** Opening EXCERPTED RECORDS block **

lemma diag_mean_conv_at:
  assumes "borel_prob \<nu>" "bdd_meas g" "diag_mean m g A" shows "diag_mean m (conv_at \<nu> i g) A"
  unfolding diag_mean_def
proof
  fix s
  let ?U = "uniform_measure lborel {0..1::real}"
  from assms obtain C where C: "\<And>s. \<bar>g s\<bar> \<le> C" and gm[measurable]: "g \<in> borel_measurable coords"
    unfolding bdd_meas_def by auto
  have "(\<integral>t. conv_at \<nu> i g (diag_shift m t s) \<partial>?U) =
      (\<integral>t. \<integral>v. g (diag_shift m t (s(i := s i + v))) \<partial>\<nu> \<partial>?U)"
    unfolding conv_at_def diag_shift_add_at ..
  also have "\<dots> = (\<integral>v. \<integral>t. g (diag_shift m t (s(i := s i + v))) \<partial>?U \<partial>\<nu>)"
  proof (rule integral_swap_borel_prob[OF borel_prob_uniform_Icc assms(1), where C=C])
    have "(\<lambda>(t,v). (t, s(i := s i + v))) \<in> measurable (borel \<Otimes>\<^sub>M borel) (borel \<Otimes>\<^sub>M coords)"
      by measurable
    then show "(\<lambda>(u, v). g (diag_shift m u (s(i := s i + v)))) \<in> borel_measurable (borel \<Otimes>\<^sub>M borel)"
      using measurable_comp[OF _ measurable_comp[OF measurable_diag_shift gm]]
      by (simp add: comp_def case_prod_beta')
  qed (simp_all add: C)
  also have "\<dots> = (\<integral>v. A \<partial>\<nu>)" using assms(3) unfolding diag_mean_def by simp
  also have "\<dots> = A" using assms(1) unfolding borel_prob_def by (simp add: prob_space.prob_space)
  finally show "(\<integral>t. conv_at \<nu> i g (diag_shift m t s) \<partial>?U) = A" .
qed

lemma diag_mean_conv_upto:
  "borel_prob \<nu> \<Longrightarrow> bdd_meas g \<Longrightarrow> diag_mean m g A \<Longrightarrow> diag_mean m (conv_upto \<nu> j g) A"
  by (induction j) (auto intro: diag_mean_conv_at bdd_meas_conv_upto)

lemma diag_mean_conv_at_pow:
  "borel_prob \<nu> \<Longrightarrow> bdd_meas g \<Longrightarrow> diag_mean m g A \<Longrightarrow> diag_mean m ((conv_at \<nu> i ^^ n) g) A"
  by (induction n) (auto intro: diag_mean_conv_at bdd_meas_conv_at_pow)

lemma diag_mean_affine:
  assumes "bdd_meas g" "diag_mean m g A" shows "diag_mean m (\<lambda>s. \<alpha> * g s + \<beta>) (\<alpha> * A + \<beta>)"
  unfolding diag_mean_def
proof
  fix s
  let ?U = "uniform_measure lborel {0..1::real}"
  interpret U: prob_space ?U by (rule prob_space_uniform_Icc) simp
  obtain C where C: "\<And>s. \<bar>g s\<bar> \<le> C" and gm[measurable]: "g \<in> borel_measurable coords"
    using assms unfolding bdd_meas_def by auto
  have int: "integrable ?U (\<lambda>t. g (diag_shift m t s))"
    by (intro integrable_bounded[where C=C] U.finite_measure_axioms)
      (auto simp: C intro: measurable_compose[OF measurable_diag_shift_const])
  have "(\<integral>t. \<alpha> * g (diag_shift m t s) + \<beta> \<partial>?U) = \<alpha> * (\<integral>t. g (diag_shift m t s) \<partial>?U) + \<beta>"
    using int by (simp add: U.prob_space)
  then show "(\<integral>t. \<alpha> * g (diag_shift m t s) + \<beta> \<partial>?U) = \<alpha> * A + \<beta>"
    using assms(2) unfolding diag_mean_def by simp
qed

lemma conv_upto_uniform_shift_le:
  assumes g: "bdd_meas g" "\<And>s. 0 \<le> g s" and t: "0 \<le> t" "t \<le> 1" and L: "2 \<le> L"
  shows "(1/L)^j * conv_upto (uniform_measure lborel {c..c+1}) j (\<lambda>s. g (diag_shift j t s)) s
    \<le> conv_upto (uniform_measure lborel {c..c+L}) j g s"
proof (induction j arbitrary: s)
  case 0 then show ?case by (simp add: diag_shift_def)
next
  case (Suc j)
  let ?l = "uniform_measure lborel {c..c+1}" and ?L = "uniform_measure lborel {c..c+L}"
  have fl: "borel_prob ?l" by (rule borel_prob_uniform_Icc) simp
  have fL: "borel_prob ?L" by (rule borel_prob_uniform_Icc) (use L in simp)
  have L0: "0 < L" using L by simp
  have gs: "bdd_meas (\<lambda>s. g (diag_shift j t s))"
  proof -
    have "(\<lambda>s. diag_shift j t s) \<in> measurable coords coords"
      unfolding diag_shift_def by (rule measurable_PiM_single') auto
    then show ?thesis using g unfolding bdd_meas_def by (auto intro: measurable_compose)
  qed
  define \<sigma> where "\<sigma> s' = s'(j := s' j + t)" for s' :: "nat \<Rightarrow> real"
  have "(1/L)^(Suc j) * conv_upto ?l (Suc j) (\<lambda>s. g (diag_shift (Suc j) t s)) s
      = (1/L) * conv_at ?l j (\<lambda>s'. (1/L)^j * conv_upto ?l j (\<lambda>s. g (diag_shift j t s)) (\<sigma> s')) s"
  proof -
    have e: "diag_shift j t (\<sigma> s') = diag_shift (Suc j) t s'" for s'
      unfolding diag_shift_def \<sigma>_def by (auto simp: fun_eq_iff less_Suc_eq)
    have cm: "\<sigma> (s(i := s i + v)) = (\<sigma> s)(i := \<sigma> s i + v)" if "i < j" for i s v
      using that unfolding \<sigma>_def by (auto simp: fun_eq_iff)
    have "conv_upto ?l j (\<lambda>s. g (diag_shift (Suc j) t s))
        = (\<lambda>s'. conv_upto ?l j (\<lambda>s. g (diag_shift j t s)) (\<sigma> s'))"
      using conv_upto_equivariant[of j \<sigma> ?l "\<lambda>s. g (diag_shift j t s)", OF cm]
      by (simp add: e fun_eq_iff)
    then show ?thesis by (simp add: conv_at_cmult)
  qed
  also have "\<dots> \<le> (1/L) * conv_at ?l j (\<lambda>s'. conv_upto ?L j g (\<sigma> s')) s"
    unfolding \<sigma>_def using L0
    by (intro mult_left_mono conv_at_mono fl bdd_meas_add_at bdd_meas_cmult bdd_meas_conv_upto gs fL g
        Suc.IH) auto
  also have "\<dots> \<le> conv_at ?L j (conv_upto ?L j g) s"
    unfolding \<sigma>_def using L t
    by (intro conv_at_uniform_shift_le bdd_meas_conv_upto conv_upto_nonneg fL g) auto
  finally show ?case by simp
qed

** Closing EXCERPTED RECORDS block **

Write the records out once more. Each line must match.

**FINAL ANSWER**
lemma diag_mean_conv_at:
  assumes "borel_prob \<nu>" "bdd_meas g" "diag_mean m g A" shows "diag_mean m (conv_at \<nu> i g) A"
  unfolding diag_mean_def
proof
  fix s
  let ?U = "uniform_measure lborel {0..1::real}"
  from assms obtain C where C: "\<And>s. \<bar>g s\<bar> \<le> C" and gm[measurable]: "g \<in> borel_measurable coords"
    unfolding bdd_meas_def by auto
  have "(\<integral>t. conv_at \<nu> i g (diag_shift m t s) \<partial>?U) =
      (\<integral>t. \<integral>v. g (diag_shift m t (s(i := s i + v))) \<partial>\<nu> \<partial>?U)"
    unfolding conv_at_def diag_shift_add_at ..
  also have "\<dots> = (\<integral>v. \<integral>t. g (diag_shift m t (s(i := s i + v))) \<partial>?U \<partial>\<nu>)"
  proof (rule integral_swap_borel_prob[OF borel_prob_uniform_Icc assms(1), where C=C])
    have "(\<lambda>(t,v). (t, s(i := s i + v))) \<in> measurable (borel \<Otimes>\<^sub>M borel) (borel \<Otimes>\<^sub>M coords)"
      by measurable
    then show "(\<lambda>(u, v). g (diag_shift m u (s(i := s i + v)))) \<in> borel_measurable (borel \<Otimes>\<^sub>M borel)"
      using measurable_comp[OF _ measurable_comp[OF measurable_diag_shift gm]]
      by (simp add: comp_def case_prod_beta')
  qed (simp_all add: C)
  also have "\<dots> = (\<integral>v. A \<partial>\<nu>)" using assms(3) unfolding diag_mean_def by simp
  also have "\<dots> = A" using assms(1) unfolding borel_prob_def by (simp add: prob_space.prob_space)
  finally show "(\<integral>t. conv_at \<nu> i g (diag_shift m t s) \<partial>?U) = A" .
qed

lemma diag_mean_conv_upto:
  "borel_prob \<nu> \<Longrightarrow> bdd_meas g \<Longrightarrow> diag_mean m g A \<Longrightarrow> diag_mean m (conv_upto \<nu> j g) A"
  by (induction j) (auto intro: diag_mean_conv_at bdd_meas_conv_upto)

lemma diag_mean_conv_at_pow:
  "borel_prob \<nu> \<Longrightarrow> bdd_meas g \<Longrightarrow> diag_mean m g A \<Longrightarrow> diag_mean m ((conv_at \<nu> i ^^ n) g) A"
  by (induction n) (auto intro: diag_mean_conv_at bdd_meas_conv_at_pow)

lemma diag_mean_affine:
  assumes "bdd_meas g" "diag_mean m g A" shows "diag_mean m (\<lambda>s. \<alpha> * g s + \<beta>) (\<alpha> * A + \<beta>)"
  unfolding diag_mean_def
proof
  fix s
  let ?U = "uniform_measure lborel {0..1::real}"
  interpret U: prob_space ?U by (rule prob_space_uniform_Icc) simp
  obtain C where C: "\<And>s. \<bar>g s\<bar> \<le> C" and gm[measurable]: "g \<in> borel_measurable coords"
    using assms unfolding bdd_meas_def by auto
  have int: "integrable ?U (\<lambda>t. g (diag_shift m t s))"
    by (intro integrable_bounded[where C=C] U.finite_measure_axioms)
      (auto simp: C intro: measurable_compose[OF measurable_diag_shift_const])
  have "(\<integral>t. \<alpha> * g (diag_shift m t s) + \<beta> \<partial>?U) = \<alpha> * (\<integral>t. g (diag_shift m t s) \<partial>?U) + \<beta>"
    using int by (simp add: U.prob_space)
  then show "(\<integral>t. \<alpha> * g (diag_shift m t s) + \<beta> \<partial>?U) = \<alpha> * A + \<beta>"
    using assms(2) unfolding diag_mean_def by simp
qed

lemma conv_upto_uniform_shift_le:
  assumes g: "bdd_meas g" "\<And>s. 0 \<le> g s" and t: "0 \<le> t" "t \<le> 1" and L: "2 \<le> L"
  shows "(1/L)^j * conv_upto (uniform_measure lborel {c..c+1}) j (\<lambda>s. g (diag_shift j t s)) s
    \<le> conv_upto (uniform_measure lborel {c..c+L}) j g s"
proof (induction j arbitrary: s)
  case 0 then show ?case by (simp add: diag_shift_def)
next
  case (Suc j)
  let ?l = "uniform_measure lborel {c..c+1}" and ?L = "uniform_measure lborel {c..c+L}"
  have fl: "borel_prob ?l" by (rule borel_prob_uniform_Icc) simp
  have fL: "borel_prob ?L" by (rule borel_prob_uniform_Icc) (use L in simp)
  have L0: "0 < L" using L by simp
  have gs: "bdd_meas (\<lambda>s. g (diag_shift j t s))"
  proof -
    have "(\<lambda>s. diag_shift j t s) \<in> measurable coords coords"
      unfolding diag_shift_def by (rule measurable_PiM_single') auto
    then show ?thesis using g unfolding bdd_meas_def by (auto intro: measurable_compose)
  qed
  define \<sigma> where "\<sigma> s' = s'(j := s' j + t)" for s' :: "nat \<Rightarrow> real"
  have "(1/L)^(Suc j) * conv_upto ?l (Suc j) (\<lambda>s. g (diag_shift (Suc j) t s)) s
      = (1/L) * conv_at ?l j (\<lambda>s'. (1/L)^j * conv_upto ?l j (\<lambda>s. g (diag_shift j t s)) (\<sigma> s')) s"
  proof -
    have e: "diag_shift j t (\<sigma> s') = diag_shift (Suc j) t s'" for s'
      unfolding diag_shift_def \<sigma>_def by (auto simp: fun_eq_iff less_Suc_eq)
    have cm: "\<sigma> (s(i := s i + v)) = (\<sigma> s)(i := \<sigma> s i + v)" if "i < j" for i s v
      using that unfolding \<sigma>_def by (auto simp: fun_eq_iff)
    have "conv_upto ?l j (\<lambda>s. g (diag_shift (Suc j) t s))
        = (\<lambda>s'. conv_upto ?l j (\<lambda>s. g (diag_shift j t s)) (\<sigma> s'))"
      using conv_upto_equivariant[of j \<sigma> ?l "\<lambda>s. g (diag_shift j t s)", OF cm]
      by (simp add: e fun_eq_iff)
    then show ?thesis by (simp add: conv_at_cmult)
  qed
  also have "\<dots> \<le> (1/L) * conv_at ?l j (\<lambda>s'. conv_upto ?L j g (\<sigma> s')) s"
    unfolding \<sigma>_def using L0
    by (intro mult_left_mono conv_at_mono fl bdd_meas_add_at bdd_meas_cmult bdd_meas_conv_upto gs fL g
        Suc.IH) auto
  also have "\<dots> \<le> conv_at ?L j (conv_upto ?L j g) s"
    unfolding \<sigma>_def using L t
    by (intro conv_at_uniform_shift_le bdd_meas_conv_upto conv_upto_nonneg fL g) auto
  finally show ?case by simp
qed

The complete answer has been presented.